В Церкви мы живем так, как будем жить после смерти нашей природной индивидуальности: мы живем в Церкви не в силу свойств и способностей естества, его психосомагических энергий, но благодаря любви Божией, "животворящей мертвых и называющей несуществующее, как существующее" (Рим.14,17), благодаря Его любовному призыву, превращающему нашу жизнь в общение с Богом.

Все это вовсе не означает умаления нашей природы в пределах Царства Божия, но выражает изменение способа ее ипостазирования. Отныне естество становится ипостасью (то есть обретает конкретное существование) благодаря не своим собственным функциям и энергиям, но призыву, обращенному к нему" Божественной любовью. С этого момента мы более не нуждаемся в природном разделении на два противоположных пола для того, чтобы реализовать нашу экзистенцию как ипостась жизни - другими словами, как ипостась любви и общения.

На эту новую реальность указывают евангельские слова, удостоверяющие, что в Царстве "истинной жизни" упраздняется как сексуальность сама по себе, так и сексуальные различия: "Чада века сего женятся и выходят замуж, а сподобившиеся достигнуть того века и воскресения из мертвых не женятся, ни замуж не выходят, и умереть уже не могут, ибо они равны Ангелам и суть сыны Божий, будучи сынами воскресения" (Лк.20,34-36).

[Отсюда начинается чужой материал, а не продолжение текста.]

(* Let $\{n_1,n_2,\dots,n_k,1\}$ be a canonical sequence (for the measure $P$ below) with $k\ge2$. Then $n_1>n_2>n_3>\cdots>n_{k-1}\ge n_k=1$.
   Context: $P$ is the Borel probability measure on $\mathbb{R}$ with density $f(x)=(3/2)^m$ if $x\in J_m:=[1-\frac{1}{3^{m-1}},1-\frac{2}{3^m}]$ for some $m\in\mathbb{N}=\{1,2,\dots\}$, and $f(x)=0$ otherwise. An optimal set of $n$-means for $P$ is a set $\alpha$ with $\mathrm{card}(\alpha)\le n$ attaining $\inf\{\int\min_{a\in\alpha}(x-a)^2\,dP(x):\mathrm{card}(\alpha)\le n\}$. Canonical sequence: for $n\ge2$ and an optimal set $\alpha_n$ of $n$-means for $P$, there is a (unique) positive integer $k$ with $\alpha_n\cap J_j\neq\emptyset$ for $1\le j\le k$ and $\mathrm{card}(\alpha_n\cap[1-\frac{1}{3^k},1])=1$; with $n_j:=\mathrm{card}(\alpha_n\cap J_j)$ one has $n=n_1+\dots+n_k+1$, and the sequence $\{n_1,n_2,\dots,n_k,1\}$ is called the canonical sequence of order $n$ (associated with $\alpha_n$). *)

theory Defs
  imports "HOL-Analysis.Analysis"
begin

definition J :: "nat \<Rightarrow> real set" where
  "J m = {1 - 1 / 3 ^ (m - 1) .. 1 - 2 / 3 ^ m}"

definition dens :: "real \<Rightarrow> real" where
  "dens x = (if \<exists>m\<ge>1. x \<in> J m
             then (3 / 2) ^ (THE m. m \<ge> 1 \<and> x \<in> J m) else 0)"

definition P :: "real measure" where
  "P = density lborel (\<lambda>x. ennreal (dens x))"

definition distortion :: "real set \<Rightarrow> ennreal" where
  "distortion \<alpha> = (\<integral>\<^sup>+ x. ennreal (Min ((\<lambda>a. (x - a)\<^sup>2) ` \<alpha>)) \<partial>P)"

definition optimal_n_means :: "nat \<Rightarrow> real set \<Rightarrow> bool" where
  "optimal_n_means n \<alpha> \<longleftrightarrow> finite \<alpha> \<and> \<alpha> \<noteq> {} \<and> card \<alpha> \<le> n \<and>
     distortion \<alpha> = (INF \<beta>\<in>{\<beta>. finite \<beta> \<and> \<beta> \<noteq> {} \<and> card \<beta> \<le> n}. distortion \<beta>)"

end

theory Submission
  imports Defs
begin

text \<open>Since P has density (3/2)^m on J m, the distortion of a finite set is the convergent
  series of its local errors on the J m weighted by (3/2)^m, and an optimal set minimises this
  series among sets of at most n points. No point of an optimal set can be moved to a position
  that is closer on its whole Voronoi cell; this confines the points to [0, 1], makes each point
  the midpoint of the part of the support its cell covers, and rules out points in the gaps
  between consecutive J m. Hence an optimal set splits into blocks \<alpha> \<inter> J m (m \<le> k) and one
  tail point c in [1 - 3^(-k), 1]. On an interval of length L a block of m points has error at
  least L^3/(12 m^2), with equality for m equally spaced points, and the error of c on all J m
  with m > k is an explicit quadratic in c. The claimed shape of the canonical sequence then
  follows from three exchanges, each of which would otherwise lower the cost: shifting a point
  from block j + 1 to block j; replacing the last block and c by m - 1 points, a midpoint and a
  better tail point; and replacing a singleton inner block, the last block and c by two points
  and a better tail point.\<close>

section \<open>The intervals J m and the density\<close>

text \<open>Indices are shifted by one: J (Suc i) = {J_lo i..J_hi i}. The number J_len i is
  both the length of this interval and the length of the gap that follows it.\<close>

definition J_lo :: "nat \<Rightarrow> real" where "J_lo i = 1 - 1/3^i"
definition J_hi :: "nat \<Rightarrow> real" where "J_hi i = 1 - 2/3^(Suc i)"
definition J_len :: "nat \<Rightarrow> real" where "J_len i = 1/3^(Suc i)"

lemma J_Suc_eq: "J (Suc i) = {J_lo i..J_hi i}"
  by (simp add: J_def J_lo_def J_hi_def)

lemma J_hi_eq: "J_hi i = J_lo i + J_len i"
  by (simp add: J_lo_def J_hi_def J_len_def field_simps)

lemma J_lo_Suc: "J_lo (Suc i) = J_hi i + J_len i"
  by (simp add: J_lo_def J_hi_def J_len_def field_simps)

lemma J_len_Suc: "J_len (Suc i) = J_len i / 3"
  by (simp add: J_len_def)

lemma J_len_pos: "0 < J_len i"
  by (simp add: J_len_def)

lemma J_lo_less_J_hi: "J_lo i < J_hi i"
  using J_hi_eq J_len_pos by (metis less_add_same_cancel1)

lemma J_lo_nonneg: "0 \<le> J_lo i"
  by (simp add: J_lo_def)

lemma J_hi_less_1: "J_hi i < 1"
  by (simp add: J_hi_def)

lemma one_minus_J_lo: "1 - J_lo i = 3 * J_len i"
  by (simp add: J_lo_def J_len_def field_simps)

lemma J_lo_mono: "i \<le> i' \<Longrightarrow> J_lo i \<le> J_lo i'"
  unfolding J_lo_def by (simp add: frac_le power_increasing)

lemma J_hi_mono: "i \<le> i' \<Longrightarrow> J_hi i \<le> J_hi i'"
  unfolding J_hi_def by (simp add: frac_le power_increasing del: power_Suc)

lemma J_len_antimono: "i \<le> i' \<Longrightarrow> J_len i' \<le> J_len i"
  unfolding J_len_def by (simp add: frac_le power_increasing del: power_Suc)

lemma J_hi_plus_len_le: "i < i' \<Longrightarrow> J_hi i + J_len i \<le> J_lo i'"
  using J_lo_Suc J_lo_mono by (metis Suc_leI)

lemma mem_J_le_J_hi: "x \<in> J (Suc i') \<Longrightarrow> i' \<le> i \<Longrightarrow> x \<le> J_hi i"
  using J_hi_mono J_Suc_eq by fastforce

lemma mem_J_ge_J_lo: "x \<in> J (Suc i') \<Longrightarrow> i \<le> i' \<Longrightarrow> J_lo i \<le> x"
  using J_lo_mono J_Suc_eq by fastforce

lemma J_disjoint: "m \<ge> 1 \<Longrightarrow> m' \<ge> 1 \<Longrightarrow> m \<noteq> m' \<Longrightarrow> J m \<inter> J m' = {}"
proof -
  have "J (Suc i) \<inter> J (Suc i') = {}" if "i < i'" for i i'
    using J_hi_plus_len_le[OF that] J_len_pos[of i] unfolding J_Suc_eq by fastforce
  moreover assume "m \<ge> 1" "m' \<ge> 1" "m \<noteq> m'"
  ultimately show ?thesis
    by (metis Int_commute Suc_le_D One_nat_def Suc_less_SucD nat_neq_iff)
qed

lemma dens_eq_suminf:
  "ennreal (dens x) = (\<Sum>i. ennreal ((3/2)^(Suc i) * indicator (J (Suc i)) x))"
proof (cases "\<exists>m\<ge>1. x \<in> J m")
  case True
  then obtain i where xi: "x \<in> J (Suc i)" by (metis Suc_le_D One_nat_def)
  have only_i: "x \<in> J (Suc j) \<longleftrightarrow> j = i" for j
    using xi J_disjoint[of "Suc j" "Suc i"] by auto
  have "(THE m. m \<ge> 1 \<and> x \<in> J m) = Suc i"
    using xi J_disjoint by (intro the_equality) fastforce+
  moreover have "(\<lambda>j. ennreal ((3/2)^(Suc j) * indicator (J (Suc j)) x)) =
      (\<lambda>j. if j = i then ennreal ((3/2)^(Suc i)) else 0)"
    using only_i by (auto simp: indicator_def fun_eq_iff)
  ultimately show ?thesis
    using True sums_unique[OF sums_single[of i "\<lambda>_. ennreal ((3/2)^(Suc i))"]]
    by (simp add: dens_def)
next
  case False
  hence "\<And>j. x \<notin> J (Suc j)" by auto
  thus ?thesis using False by (simp add: dens_def indicator_def)
qed

lemma J_lo_bracket: "0 \<le> a \<Longrightarrow> a < J_lo k \<Longrightarrow> \<exists>i<k. J_lo i \<le> a \<and> a < J_lo (Suc i)"
proof (induction k)
  case 0 thus ?case by (simp add: J_lo_def)
next
  case (Suc k) thus ?case by (cases "a < J_lo k") (auto intro: less_SucI)
qed

section \<open>The distortion as a weighted series of local errors\<close>

definition nearest_sqdist :: "real set \<Rightarrow> real \<Rightarrow> real" where
  "nearest_sqdist A x = Min ((\<lambda>a. (x - a)\<^sup>2) ` A)"

definition weight :: "nat \<Rightarrow> real" where
  "weight m = (3/2)^m"

definition cell_err :: "real set \<Rightarrow> nat \<Rightarrow> real" where
  "cell_err A m = integral (J m) (nearest_sqdist A)"

definition cost :: "real set \<Rightarrow> real" where
  "cost A = (\<Sum>i. weight (Suc i) * cell_err A (Suc i))"

lemma weight_nonneg: "0 \<le> weight m"
  by (simp add: weight_def)

lemma nearest_sqdist_le: "finite A \<Longrightarrow> a \<in> A \<Longrightarrow> nearest_sqdist A x \<le> (x - a)\<^sup>2"
  unfolding nearest_sqdist_def by (auto intro: Min_le)

lemma nearest_sqdist_attained:
  "finite A \<Longrightarrow> A \<noteq> {} \<Longrightarrow> \<exists>a\<in>A. nearest_sqdist A x = (x - a)\<^sup>2"
proof -
  assume "finite A" "A \<noteq> {}"
  hence "Min ((\<lambda>a. (x - a)\<^sup>2) ` A) \<in> (\<lambda>a. (x - a)\<^sup>2) ` A" by (intro Min_in) auto
  thus ?thesis unfolding nearest_sqdist_def by auto
qed

lemma nearest_sqdist_nonneg: "finite A \<Longrightarrow> A \<noteq> {} \<Longrightarrow> 0 \<le> nearest_sqdist A x"
  by (metis nearest_sqdist_attained zero_le_power2)

lemma nearest_sqdist_greatest:
  "finite A \<Longrightarrow> A \<noteq> {} \<Longrightarrow> (\<And>a. a \<in> A \<Longrightarrow> c \<le> (x - a)\<^sup>2) \<Longrightarrow> c \<le> nearest_sqdist A x"
  by (metis nearest_sqdist_attained)

lemma nearest_sqdist_antimono:
  "finite B \<Longrightarrow> A \<subseteq> B \<Longrightarrow> A \<noteq> {} \<Longrightarrow> nearest_sqdist B x \<le> nearest_sqdist A x"
  by (metis nearest_sqdist_attained nearest_sqdist_le finite_subset subsetD)

lemma nearest_sqdist_singleton: "nearest_sqdist {a} x = (x - a)\<^sup>2"
  by (simp add: nearest_sqdist_def)

lemma continuous_on_nearest_sqdist:
  "finite A \<Longrightarrow> A \<noteq> {} \<Longrightarrow> continuous_on S (nearest_sqdist A)"
proof (induction A rule: finite_ne_induct)
  case (singleton a)
  thus ?case unfolding nearest_sqdist_singleton[abs_def] by (intro continuous_intros)
next
  case (insert a A)
  have "nearest_sqdist (insert a A) = (\<lambda>x. min ((x - a)\<^sup>2) (nearest_sqdist A x))"
    using insert.hyps by (auto simp: nearest_sqdist_def fun_eq_iff)
  thus ?case using insert by (auto intro!: continuous_intros)
qed

lemma integrable_nearest_sqdist:
  "finite A \<Longrightarrow> A \<noteq> {} \<Longrightarrow> nearest_sqdist A integrable_on {l..r}"
  by (intro integrable_continuous_real continuous_on_nearest_sqdist)

lemma cell_err_nonneg: "finite A \<Longrightarrow> A \<noteq> {} \<Longrightarrow> 0 \<le> cell_err A m"
  unfolding cell_err_def J_def
  by (intro integral_nonneg integrable_nearest_sqdist nearest_sqdist_nonneg)

lemma cell_err_mono:
  assumes "finite A" "A \<noteq> {}" "finite B" "B \<noteq> {}"
    and "\<And>x. x \<in> J (Suc i) \<Longrightarrow> nearest_sqdist B x \<le> nearest_sqdist A x"
  shows "cell_err B (Suc i) \<le> cell_err A (Suc i)"
  unfolding cell_err_def J_Suc_eq using assms
  by (intro integral_le integrable_nearest_sqdist) (auto simp: J_Suc_eq)

lemma cell_err_strict_mono:
  assumes A: "finite A" "A \<noteq> {}" and B: "finite B" "B \<noteq> {}"
    and le: "\<And>x. x \<in> J (Suc i) \<Longrightarrow> nearest_sqdist B x \<le> nearest_sqdist A x"
    and x0: "x0 \<in> J (Suc i)" "nearest_sqdist B x0 < nearest_sqdist A x0"
  shows "cell_err B (Suc i) < cell_err A (Suc i)"
proof -
  let ?d = "\<lambda>x. nearest_sqdist A x - nearest_sqdist B x"
  have cont: "continuous_on {J_lo i..J_hi i} ?d"
    using A B by (intro continuous_intros continuous_on_nearest_sqdist)
  have nonneg: "\<And>x. x \<in> {J_lo i..J_hi i} \<Longrightarrow> 0 \<le> ?d x"
    using le by (simp add: J_Suc_eq)
  have "integral {J_lo i..J_hi i} ?d \<noteq> 0"
    using integral_eq_0_iff[OF cont J_lo_less_J_hi nonneg] x0 by (auto simp: J_Suc_eq)
  moreover have "0 \<le> integral {J_lo i..J_hi i} ?d"
    using nonneg by (intro integral_nonneg integrable_continuous_real cont) auto
  moreover have "integral {J_lo i..J_hi i} ?d = cell_err A (Suc i) - cell_err B (Suc i)"
    unfolding cell_err_def J_Suc_eq using A B by (intro integral_diff integrable_nearest_sqdist)
  ultimately show ?thesis by linarith
qed

lemma cell_err_le:
  assumes "finite A" "a \<in> A"
  shows "cell_err A (Suc i) \<le> (1 + \<bar>a\<bar>)\<^sup>2 / 3^(Suc i)"
proof -
  have "cell_err A (Suc i) \<le> integral {J_lo i..J_hi i} (\<lambda>x. (1 + \<bar>a\<bar>)\<^sup>2)"
    unfolding cell_err_def J_Suc_eq
  proof (rule integral_le)
    fix x assume "x \<in> {J_lo i..J_hi i}"
    hence "0 \<le> x" "x \<le> 1" using J_lo_nonneg[of i] J_hi_less_1[of i] by auto
    hence "\<bar>x - a\<bar> \<le> 1 + \<bar>a\<bar>" by auto
    hence "(x - a)\<^sup>2 \<le> (1 + \<bar>a\<bar>)\<^sup>2" by (metis abs_ge_zero power2_abs power_mono)
    thus "nearest_sqdist A x \<le> (1 + \<bar>a\<bar>)\<^sup>2" using nearest_sqdist_le[OF assms] by (meson order_trans)
  qed (use assms in \<open>auto intro: integrable_nearest_sqdist\<close>)
  also have "\<dots> = (1 + \<bar>a\<bar>)\<^sup>2 / 3^(Suc i)"
    using J_lo_less_J_hi[of i] J_hi_eq[of i] by (simp add: J_len_def)
  finally show ?thesis .
qed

Воскресение, отменяющее как супружество, так и смерть, есть воскресение "из мертвых". Оно предполагает отречение от естественного, автономного способа формирования нашей ипостаси, добровольную или вынужденную смерть индивидуума, черпающего свое ипостасное бытие из источника природных сил и энергий. Необходимо вмешательство смерти для того, "чтобы смертное поглощено было жизнью" (2Кор.5,4). Именно на эту смерть добровольно отваживаются монахи. Они отказываются от брака - естественного пути самоотречения в любви - и стремятся к ипостазированию эроса и плоти по образу Царства Божия. Их цель - обрести ипостасное бытие через послушание и аскезу, совершающиеся в отречении от природы. Тогда единственным источником существования и жизни становится любовный призыв, обращенный к человеку Богом.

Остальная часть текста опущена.